◆ Brief: Please return every line of the records below that contains the word "complements".

◆ Given entries:
lemma delta_star_in_dfa:
  assumes "dfa Q \<Sigma> \<delta> q0 A" and "q \<in> Q" and "w \<in> lists \<Sigma>"
  shows "delta_star \<delta> q w \<in> Q"
  using assms(3,2) by (induction w arbitrary: q) (use assms(1) in \<open>auto simp: dfa_def\<close>)

lemma minimized_iff_inj_on_lang_from:
  "minimized Q \<Sigma> \<delta> q0 A \<longleftrightarrow> dfa Q \<Sigma> \<delta> q0 A \<and> inj_on (lang_from \<Sigma> \<delta> A) Q"
  unfolding minimized_def inj_on_def by blast

lemma finitely_different_commute: "finitely_different L L' \<longleftrightarrow> finitely_different L' L"
  by (auto simp: finitely_different_def Un_commute)

lemma in_accepting_iff_Nil_in_lang_from: "q \<in> A \<longleftrightarrow> [] \<in> lang_from \<Sigma> \<delta> A q"
  by (simp add: lang_from_def)

lemma lang_from_transition:
  assumes "c \<in> \<Sigma>"
  shows "lang_from \<Sigma> \<delta> A (\<delta> q c) = {x \<in> lists \<Sigma>. c # x \<in> lang_from \<Sigma> \<delta> A q}"
  using assms by (auto simp: lang_from_def)

lemma lang_from_delta_star:
  assumes "w \<in> lists \<Sigma>"
  shows "lang_from \<Sigma> \<delta> A (delta_star \<delta> q w) = {x \<in> lists \<Sigma>. w @ x \<in> lang_from \<Sigma> \<delta> A q}"
  using assms by (auto simp: lang_from_def)

lemma infinite_lists_iff_unbounded_length:
  assumes "finite \<Sigma>" and "W \<subseteq> lists \<Sigma>"
  shows "infinite W \<longleftrightarrow> (\<forall>n. \<exists>w\<in>W. n \<le> length w)"
proof
  assume "infinite W"
  show "\<forall>n. \<exists>w\<in>W. n \<le> length w"
  proof (rule ccontr)
    assume "\<not> ?thesis"
    then obtain n where "\<forall>w\<in>W. length w \<le> n"
      by (meson nle_le)
    with assms(2) have "W \<subseteq> {xs. set xs \<subseteq> \<Sigma> \<and> length xs \<le> n}"
      by (auto simp: in_lists_conv_set)
    with finite_lists_length_le[OF assms(1)] \<open>infinite W\<close> show False
      using finite_subset by blast
  qed
next
  assume "\<forall>n. \<exists>w\<in>W. n \<le> length w"
  then have "infinite (length ` W)"
    by (metis finite_nat_set_iff_bounded imageI not_less)
  then show "infinite W" by blast
qed
(* Consider two phases indexed by $\{1,2\}$ and a cell interface $x_{i+\frac12}$ separating a left cell $i$ and a right cell $i+1$. For $a,b\in\{1,2\}$ let $\mathcal{P}_{i+\frac12}[\Sigma_a,\Sigma_b]$ denote the probability of the event that phase $a$ is present immediately to the left of $x_{i+\frac12}$ and phase $b$ is present immediately to the right of $x_{i+\frac12}$ (exactly one phase is present on each side in every realization). Let $\alpha_j^p$, $p\in\{1,2\}$, $j\in\{i,i+1\}$, satisfy the saturation condition $\alpha_j^p\in[0,1]$, $\alpha_j^1+\alpha_j^2=1$, and assume that for every $p\neq q\in\{1,2\}$ $$\mathcal{P}_{i+\frac12}[\Sigma_p,\Sigma_p]+\mathcal{P}_{i+\frac12}[\Sigma_p,\Sigma_q]=\alpha_i^p,\qquad \mathcal{P}_{i+\frac12}[\Sigma_p,\Sigma_p]+\mathcal{P}_{i+\frac12}[\Sigma_q,\Sigma_p]=\alpha_{i+1}^p .$$ Then there exists $r\in[0,1]$, the same for $p=1$ and $p=2$, such that for every $p\neq q\in\{1,2\}$ $$\mathcal{P}_{i+\frac12}[\Sigma_p,\Sigma_p]=r\max(\alpha_i^p-\alpha_{i+1}^q,0)+(1-r)\min(\alpha_i^p,\alpha_{i+1}^p),$$ $$\mathcal{P}_{i+\frac12}[\Sigma_p,\Sigma_q]=r\min(\alpha_i^p,\alpha_{i+1}^q)+(1-r)\max(\alpha_i^p-\alpha_{i+1}^p,0).$$
   Context: This arises in the Discrete Equation Method for two-phase flow: $\alpha_j^p$ is the (ensemble-averaged) volume fraction of phase $p$ in cell $j$, and the parameter $r$ may depend on the interface location and time but not on the phase index. The pair $(\min(\alpha_i^p,\alpha_{i+1}^p),\max(\alpha_i^p-\alpha_{i+1}^p,0))$ corresponds to stratified flow and $(\max(\alpha_i^p-\alpha_{i+1}^q,0),\min(\alpha_i^p,\alpha_{i+1}^q))$ to disperse flow. *)

theory Defs
  imports "HOL-Probability.Probability"
begin

text \<open>Phases are the naturals 1 and 2. In a realization w, L w is the phase present
immediately to the left of the interface and R w the phase immediately to the right.\<close>

definition Pint :: "'w measure \<Rightarrow> ('w \<Rightarrow> nat) \<Rightarrow> ('w \<Rightarrow> nat) \<Rightarrow> nat \<Rightarrow> nat \<Rightarrow> real" where
  "Pint M L R a b = measure M {w \<in> space M. L w = a \<and> R w = b}"

end

theory Submission
  imports Defs
begin

text \<open>The joint law of the phases on the two sides of the interface is a 2\<times>2 table of
nonnegative entries with prescribed margins. It is determined by the entry
\<open>a = P[\<Sigma>\<^sub>1,\<Sigma>\<^sub>1]\<close>, which the Frechet bounds confine to the interval
\<open>[max (x + y - 1) 0, min x y]\<close>, where \<open>x\<close> and \<open>y\<close> are the volume fractions of phase 1
on the left and on the right. All entries are affine in \<open>a\<close>, so writing \<open>a\<close> as a convex
combination of the two endpoints expresses the whole table as the same convex combination
of the two extreme tables: the disperse one (\<open>a\<close> minimal) and the stratified one
(\<open>a\<close> maximal).\<close>

lemma convex_combination_of_bounds:
  fixes lo a hi :: "'a::linordered_field"
  assumes "lo \<le> a" "a \<le> hi"
  obtains r where "r \<in> {0..1}" "a = r * lo + (1 - r) * hi"
proof
  define r where "r = (hi - a) / (hi - lo)"
    \<comment> \<open>if \<open>lo = hi\<close> this is \<open>0 / 0 = 0\<close>, which still works since then \<open>a = hi\<close>\<close>
  show "r \<in> {0..1}"
    using assms unfolding r_def by (auto simp: divide_le_eq_1)
  have "r * (hi - lo) = hi - a"
    using assms unfolding r_def by (cases "lo = hi") simp_all
  then show "a = r * lo + (1 - r) * hi"
    by (simp add: algebra_simps)
qed

lemma frechet_bounds_2x2:
  fixes a b c d x y :: real
  assumes "0 \<le> a" "0 \<le> b" "0 \<le> c" "0 \<le> d"
    and "a + b + c + d = 1" "a + b = x" "a + c = y"
  shows "max (x + y - 1) 0 \<le> a" "a \<le> min x y"
  using assms by auto

lemma table_2x2_interpolates_extremes:
  fixes a b c d x x' y y' :: real
  assumes nonneg: "0 \<le> a" "0 \<le> b" "0 \<le> c" "0 \<le> d"
    and margins: "a + b = x" "a + c = y" "d + c = x'" "d + b = y'"
    and "x + x' = 1" "y + y' = 1"
  shows "\<exists>r\<in>{0..1::real}.
     a = r * max (x - y') 0 + (1 - r) * min x y \<and>
     b = r * min x y' + (1 - r) * max (x - y) 0 \<and>
     d = r * max (x' - y) 0 + (1 - r) * min x' y' \<and>
     c = r * min x' y + (1 - r) * max (x' - y') 0"
proof -
  define lo where "lo = max (x + y - 1) 0"
  define hi where "hi = min x y"
  have "a + b + c + d = 1"
    using assms by linarith
  then have "lo \<le> a" "a \<le> hi"
    unfolding lo_def hi_def using frechet_bounds_2x2[OF nonneg] margins(1,2) by auto
  then obtain r where r: "r \<in> {0..1}" "a = r * lo + (1 - r) * hi"
    by (rule convex_combination_of_bounds)
  have complements: "x' = 1 - x" "y' = 1 - y"
    using assms by auto
  have extremes:
    "max (x - y') 0 = lo" "min x y = hi" "min x y' = x - lo" "max (x - y) 0 = x - hi"
    "max (x' - y) 0 = 1 - x - y + lo" "min x' y' = 1 - x - y + hi"
    "min x' y = y - lo" "max (x' - y') 0 = y - hi"
    unfolding complements lo_def hi_def by (auto simp: max_def min_def)
  have "b = x - a" "c = y - a" "d = 1 - x - y + a"
    using assms by auto
  with r show ?thesis
    unfolding extremes by (intro bexI[OF _ r(1)]) (simp add: algebra_simps)
qed

theorem theorem1:
  fixes M :: "'w measure" and L R :: "'w \<Rightarrow> nat"
    and aL aR :: "nat \<Rightarrow> real"
  assumes "prob_space M"
    and "L \<in> measurable M (count_space UNIV)"
    and "R \<in> measurable M (count_space UNIV)"
    and "\<forall>w\<in>space M. L w \<in> {1,2} \<and> R w \<in> {1,2}"
    and "\<forall>p\<in>{1,2}. aL p \<in> {0..1} \<and> aR p \<in> {0..1}"
    and "aL 1 + aL 2 = 1" and "aR 1 + aR 2 = 1"
    and "\<forall>p\<in>{1,2}. \<forall>q\<in>{1,2}. p \<noteq> q \<longrightarrow>
           Pint M L R p p + Pint M L R p q = aL p \<and>
           Pint M L R p p + Pint M L R q p = aR p"
  shows "\<exists>r\<in>{0..1::real}. \<forall>p\<in>{1,2}. \<forall>q\<in>{1,2}. p \<noteq> q \<longrightarrow>
           Pint M L R p p = r * max (aL p - aR q) 0 + (1 - r) * min (aL p) (aR p) \<and>
           Pint M L R p q = r * min (aL p) (aR q) + (1 - r) * max (aL p - aR p) 0"
proof -
  let ?P = "Pint M L R"
  have nonneg: "0 \<le> ?P p q" for p q
    by (simp add: Pint_def)
  have margins: "?P 1 1 + ?P 1 2 = aL 1" "?P 1 1 + ?P 2 1 = aR 1"
    "?P 2 2 + ?P 2 1 = aL 2" "?P 2 2 + ?P 1 2 = aR 2"
    using assms(8) by auto
  obtain r where "r \<in> {0..1}"
    "?P 1 1 = r * max (aL 1 - aR 2) 0 + (1 - r) * min (aL 1) (aR 1)"
    "?P 1 2 = r * min (aL 1) (aR 2) + (1 - r) * max (aL 1 - aR 1) 0"
    "?P 2 2 = r * max (aL 2 - aR 1) 0 + (1 - r) * min (aL 2) (aR 2)"
    "?P 2 1 = r * min (aL 2) (aR 1) + (1 - r) * max (aL 2 - aR 2) 0"
    using table_2x2_interpolates_extremes[OF nonneg nonneg nonneg nonneg margins assms(6,7)]
    by blast
  then show ?thesis
    by (intro bexI[of _ r]) auto
qed

end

◆ Response to this exercise:
  have complements: "x' = 1 - x" "y' = 1 - y"
    unfolding complements lo_def hi_def by (auto simp: max_def min_def)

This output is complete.